What you will do >> Where does the string "ends" occur in the entries below? Copy every line where it does.
[[ Provided material, beginning ]]
lemma reduced_connected_saturated:
  assumes connected: "reduced_connected \<U> P" and Y: "saturated \<U> Y"
    and uncrossed: "\<forall>r\<in>P. \<not> crosses Y r"
    and Z: "Z \<in> \<U>" "Z \<subseteq> Y" and Z': "Z' \<in> \<U>"
  shows "Z' \<subseteq> Y"
proof -
  let ?R = "\<lambda>A B. A \<in> \<U> \<and> B \<in> \<U> \<and> red_adj P A B"
  have "?R\<^sup>*\<^sup>* Z Z'" using connected Z Z' unfolding reduced_connected_def by blast
  then show ?thesis
  proof (induction rule: rtranclp_induct)
    case base
    show ?case using Z(2) .
  next
    case (step A B)
    then obtain r where "r \<in> P" "hd r \<in> A \<and> last r \<in> B \<or> hd r \<in> B \<and> last r \<in> A"
      unfolding red_adj_def by blast
    with step.IH uncrossed have "B \<inter> Y \<noteq> {}" unfolding crosses_def by blast
    then show ?case using Y step.hyps(2) unfolding saturated_def by blast
  qed
qed

lemma reduced_connectedI:
  assumes partition: "partition_on V \<U>" and ends: "\<And>r. r \<in> P \<Longrightarrow> hd r \<in> V \<and> last r \<in> V"
    and cuts: "\<And>Y Z Z'. saturated \<U> Y \<Longrightarrow> \<forall>r\<in>P. \<not> crosses Y r \<Longrightarrow>
                 Z \<in> \<U> \<Longrightarrow> Z \<subseteq> Y \<Longrightarrow> Z' \<in> \<U> \<Longrightarrow> Z' \<subseteq> Y"
  shows "reduced_connected \<U> P"
  unfolding reduced_connected_def
proof (intro ballI)
  let ?R = "\<lambda>A B. A \<in> \<U> \<and> B \<in> \<U> \<and> red_adj P A B"
  fix Z Z' assume Z: "Z \<in> \<U>" and Z': "Z' \<in> \<U>"
  define Y where "Y = \<Union>{B\<in>\<U>. ?R\<^sup>*\<^sup>* Z B}"
  have part_of: "v \<in> Y \<longleftrightarrow> ?R\<^sup>*\<^sup>* Z B" if "B \<in> \<U>" "v \<in> B" for v B
    using partition_on_part_unique[OF partition _ that(1) _ that(2)] that unfolding Y_def by blast
  have Y: "saturated \<U> Y"
    unfolding saturated_def using part_of by blast
  have "\<not> crosses Y r" if r: "r \<in> P" for r
  proof -
    obtain A B where A: "A \<in> \<U>" "hd r \<in> A" and B: "B \<in> \<U>" "last r \<in> B"
      using ends[OF r] partition_onD1[OF partition] by blast
    then have "?R A B" "?R B A" using r unfolding red_adj_def by blast+
    then have "?R\<^sup>*\<^sup>* Z A \<longleftrightarrow> ?R\<^sup>*\<^sup>* Z B"
      using rtranclp.rtrancl_into_rtrancl[of ?R Z A B] rtranclp.rtrancl_into_rtrancl[of ?R Z B A]
      by blast
    then show ?thesis unfolding crosses_def using part_of A B by blast
  qed
  moreover have "Z \<subseteq> Y" unfolding Y_def using Z by blast
  ultimately have "Z' \<subseteq> Y" using cuts[OF Y _ Z _ Z'] by blast
  moreover obtain v where "v \<in> Z'" using partition_onD3[OF partition] Z' by (metis ex_in_conv)
  ultimately show "?R\<^sup>*\<^sup>* Z Z'" using part_of[OF Z'] by blast
qed

text \<open>The pieces of p left after deleting its edges between positions i and j; a piece
  consisting of a single vertex is not a path and is dropped.\<close>
definition excise :: "'a list \<Rightarrow> nat \<Rightarrow> nat \<Rightarrow> 'a list set" where
  "excise p i j = {q \<in> {take (Suc i) p, drop j p}. 2 \<le> length q}"

lemma is_path_take:
  assumes "is_path E p" "2 \<le> length (take n p)"
  shows "is_path E (take n p)"
  using assms unfolding is_path_def by auto

lemma is_path_drop:
  assumes "is_path E p" "2 \<le> length (drop n p)"
  shows "is_path E (drop n p)"
  using assms unfolding is_path_def by (auto simp: add.commute[of n])

context
  fixes p :: "'a list" and i j :: nat
  assumes ij: "i < j" "j < length p" and distinct: "distinct p"
begin

lemma excise_pieces:
  "hd (take (Suc i) p) = hd p" "last (take (Suc i) p) = p ! i"
  "hd (drop j p) = p ! j" "last (drop j p) = last p"
  "take (Suc i) p \<noteq> drop j p"
proof -
  show hd_take: "hd (take (Suc i) p) = hd p" and hd_drop: "hd (drop j p) = p ! j"
    and "last (drop j p) = last p"
    using ij by (auto simp: hd_drop_conv_nth)
  show "last (take (Suc i) p) = p ! i" using ij by (simp add: take_Suc_conv_app_nth)
  have "p \<noteq> []" using ij by auto
  then have "hd p \<noteq> p ! j"
    using distinct ij nth_eq_iff_index_eq[of p 0 j] by (simp add: hd_conv_nth)
  then show "take (Suc i) p \<noteq> drop j p" using hd_take hd_drop by metis
qed

lemma sum_excise:
  assumes "\<And>q. length q = 1 \<Longrightarrow> f q = 0"
  shows "sum f (excise p i j) = f (take (Suc i) p) + f (drop j p)"
proof -
  have "sum f (excise p i j) = sum f {take (Suc i) p, drop j p}"
  proof (rule sum.mono_neutral_left)
    show "\<forall>q\<in>{take (Suc i) p, drop j p} - excise p i j. f q = 0"
    proof
      fix q assume "q \<in> {take (Suc i) p, drop j p} - excise p i j"
      then have "length q = 1" using ij unfolding excise_def by auto
      then show "f q = 0" by (rule assms)
    qed
  qed (auto simp: excise_def)
  then show ?thesis using excise_pieces(5) by simp
qed
lemma window_check_one_common_point:
  fixes q r s :: nat
  assumes "q \<in> set [1, 2, 3, 4, 5]" "r \<in> set [1, 2, 3, 4, 5]" "s \<in> set [1, 2, 3, 4, 5]"
    "q \<noteq> r" "r \<noteq> s" "q \<noteq> s"
    "count_moved [1, 2, 3, 4, 5] (cyc3 q r s \<circ> (cyc3 1 4 5 \<circ> cyc3 2 4 3)) = 3"
    "count_moved [1, 2, 3, 4, 5] (cyc3 q r s \<circ> (cyc3 1 4 5 \<circ> cyc3 1 3 2)) = 3"
  shows "cyc3 q r s \<circ> cyc3 1 4 5 = cyc3 3 1 2 \<circ> cyc3 3 4 5 \<or> cyc3 q r s \<circ> cyc3 1 4 5 = id \<or>
    count_moved [1, 2, 3, 4, 5] (cyc3 q r s \<circ> cyc3 1 4 5) = 3"
  using assms unfolding count_moved_def
  apply (simp only: set_simps insert_iff empty_iff)
  apply (elim disjE)
  apply (simp_all add: cyc3_def)
  apply (auto simp: fun_eq_iff cyc3_def)
  done

lemma pinned_cyc3_pair_one_common_point:
  assumes n: "5 \<le> n"
  shows "pinned n (cyc3 3 1 2 \<circ> cyc3 3 4 5)"
  unfolding pinned_def
proof (intro allI impI, elim conjE)
  fix h assume h: "cay3_aut n h" "fixes_closed_nbhd n h"
  have r: "(1::nat) \<in> {1..n}" "(2::nat) \<in> {1..n}" "(3::nat) \<in> {1..n}" "(4::nat) \<in> {1..n}" "(5::nat) \<in> {1..n}"
    using n by auto
  have m: "moved (cyc3 1 4 5 \<circ> cyc3 2 4 3) = {1, 2, 3, 4, 5}"
    "moved (cyc3 1 4 5 \<circ> cyc3 1 3 2) \<subseteq> {1, 2, 3, 4, 5}" "moved (cyc3 1 4 5) \<subseteq> {1, 2, 3, 4, 5}"
    by (auto simp: moved_def cyc3_def split: if_splits)
  show "h (cyc3 3 1 2 \<circ> cyc3 3 4 5) = cyc3 3 1 2 \<circ> cyc3 3 4 5"
  proof (rule fixed_by_window_check[OF h, where a = "cyc3 1 4 5" and b = "cyc3 2 3 4"
        and b' = "cyc3 2 4 3" and c = "cyc3 1 2 3" and c' = "cyc3 1 3 2" and L = "[1, 2, 3, 4, 5]"])
    show "cyc3 3 1 2 \<circ> cyc3 3 4 5 \<in> alt_grp n" using r by (intro alt_grp_comp cyc3_in_alt_grp) auto
    show "cyc3 1 4 5 \<in> alt_grp n" "cyc3 2 3 4 \<in> alt_grp n" "cyc3 1 2 3 \<in> alt_grp n"
      using r by (auto intro!: cyc3_in_alt_grp)
    show "h (cyc3 1 4 5) = cyc3 1 4 5" "h (cyc3 2 3 4) = cyc3 2 3 4" "h (cyc3 1 2 3) = cyc3 1 2 3"
      using r by (auto intro!: fixes_closed_nbhd_cyc3[OF h(2)])
    show "cay3_adj (cyc3 1 4 5) (cyc3 3 1 2 \<circ> cyc3 3 4 5)"
      by (rule cay3_adj_by_cyc3[of 2 3 4]) (auto simp: fun_eq_iff cyc3_def)
    show "cay3_adj (cyc3 2 3 4) (cyc3 3 1 2 \<circ> cyc3 3 4 5)"
      by (rule cay3_adj_by_cyc3[of 1 2 5]) (auto simp: fun_eq_iff cyc3_def)
    show "cay3_adj (cyc3 1 2 3) (cyc3 3 1 2 \<circ> cyc3 3 4 5)"
      by (rule cay3_adj_by_cyc3[of 1 4 5]) (auto simp: fun_eq_iff cyc3_def)
    show "cyc3 2 3 4 \<circ> cyc3 2 4 3 = id" "cyc3 1 2 3 \<circ> cyc3 1 3 2 = id"
      by (auto simp: fun_eq_iff cyc3_def)
    show "bij (cyc3 2 4 3)" "bij (cyc3 1 3 2)" by (auto intro: bij_cyc3)
    show "distinct [1, 2, 3, 4, 5::nat]" by simp
    show "moved (cyc3 1 4 5) \<subseteq> set [1, 2, 3, 4, 5]" "moved (cyc3 1 4 5 \<circ> cyc3 2 4 3) \<subseteq> set [1, 2, 3, 4, 5]"
      "moved (cyc3 1 4 5 \<circ> cyc3 1 3 2) \<subseteq> set [1, 2, 3, 4, 5]"
      "5 \<le> card (moved (cyc3 1 4 5 \<circ> cyc3 2 4 3))"
      using m by simp_all
  qed (rule window_check_one_common_point)
qed
definition objective :: "'x classifier set \<Rightarrow> nat \<Rightarrow> (nat \<Rightarrow> 'x \<times> int) \<Rightarrow> (nat \<Rightarrow> nat) \<Rightarrow> (nat \<Rightarrow> real)
    \<Rightarrow> ('x classifier \<Rightarrow> real) \<Rightarrow> real" where
  "objective H n X Y w \<pi> = (\<Sum>h\<in>H. \<pi> h * (\<Sum>j<n. w j * (if h (X j) \<noteq> Y j then 1 else 0)))"

definition feasible :: "'x classifier set \<Rightarrow> ('x \<times> int \<times> nat) list \<Rightarrow> real \<Rightarrow> ('x classifier \<Rightarrow> real) \<Rightarrow> bool" where
  "feasible H D \<gamma> \<pi> \<longleftrightarrow> is_dist H \<pi> \<and> (\<forall>j\<in>{-1, 1::int}. FPR H D j \<pi> - FPR H D (-j) \<pi> \<le> \<gamma>)"

definition OPT :: "'x classifier set \<Rightarrow> nat \<Rightarrow> (nat \<Rightarrow> 'x \<times> int) \<Rightarrow> (nat \<Rightarrow> nat) \<Rightarrow> (nat \<Rightarrow> real)
    \<Rightarrow> ('x \<times> int \<times> nat) list \<Rightarrow> real \<Rightarrow> real" where
  "OPT H n X Y w D \<gamma> = Inf {objective H n X Y w \<pi> | \<pi>. feasible H D \<gamma> \<pi>}"

end

theory Submission
  imports Defs
begin

text \<open>Both constraint functionals and the objective are linear in \<open>\<pi>\<close>. Given \<open>\<pi>\<close> feasible for
  \<open>\<gamma>\<close> whose gap \<open>g = FPR\<^sub>1(\<pi>) - FPR\<^sub>-\<^sub>1(\<pi>)\<close> exceeds \<open>\<gamma>'\<close> in absolute value, move weight
  \<open>\<alpha> = (|g| - \<gamma>')/(|g| + 1)\<close> onto the indicator of the group with the smaller false positive
  rate. Its gap is \<open>\<plusminus>1\<close>, so the gap of the mixture has absolute value exactly \<open>\<gamma>'\<close>, while the
  objective, a weighted error in \<open>[0, 1]\<close>, grows by at most \<open>\<alpha> \<le> |g| - \<gamma>' \<le> \<gamma> - \<gamma>'\<close>.\<close>

definition mix :: "real \<Rightarrow> ('a \<Rightarrow> real) \<Rightarrow> ('a \<Rightarrow> real) \<Rightarrow> 'a \<Rightarrow> real" where
  "mix \<alpha> \<pi> \<sigma> h = (1 - \<alpha>) * \<pi> h + \<alpha> * \<sigma> h"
[[ Provided material, end ]]
Answer section >>
  assumes partition: "partition_on V \<U>" and ends: "\<And>r. r \<in> P \<Longrightarrow> hd r \<in> V \<and> last r \<in> V"
      using ends[OF r] partition_onD1[OF partition] by blast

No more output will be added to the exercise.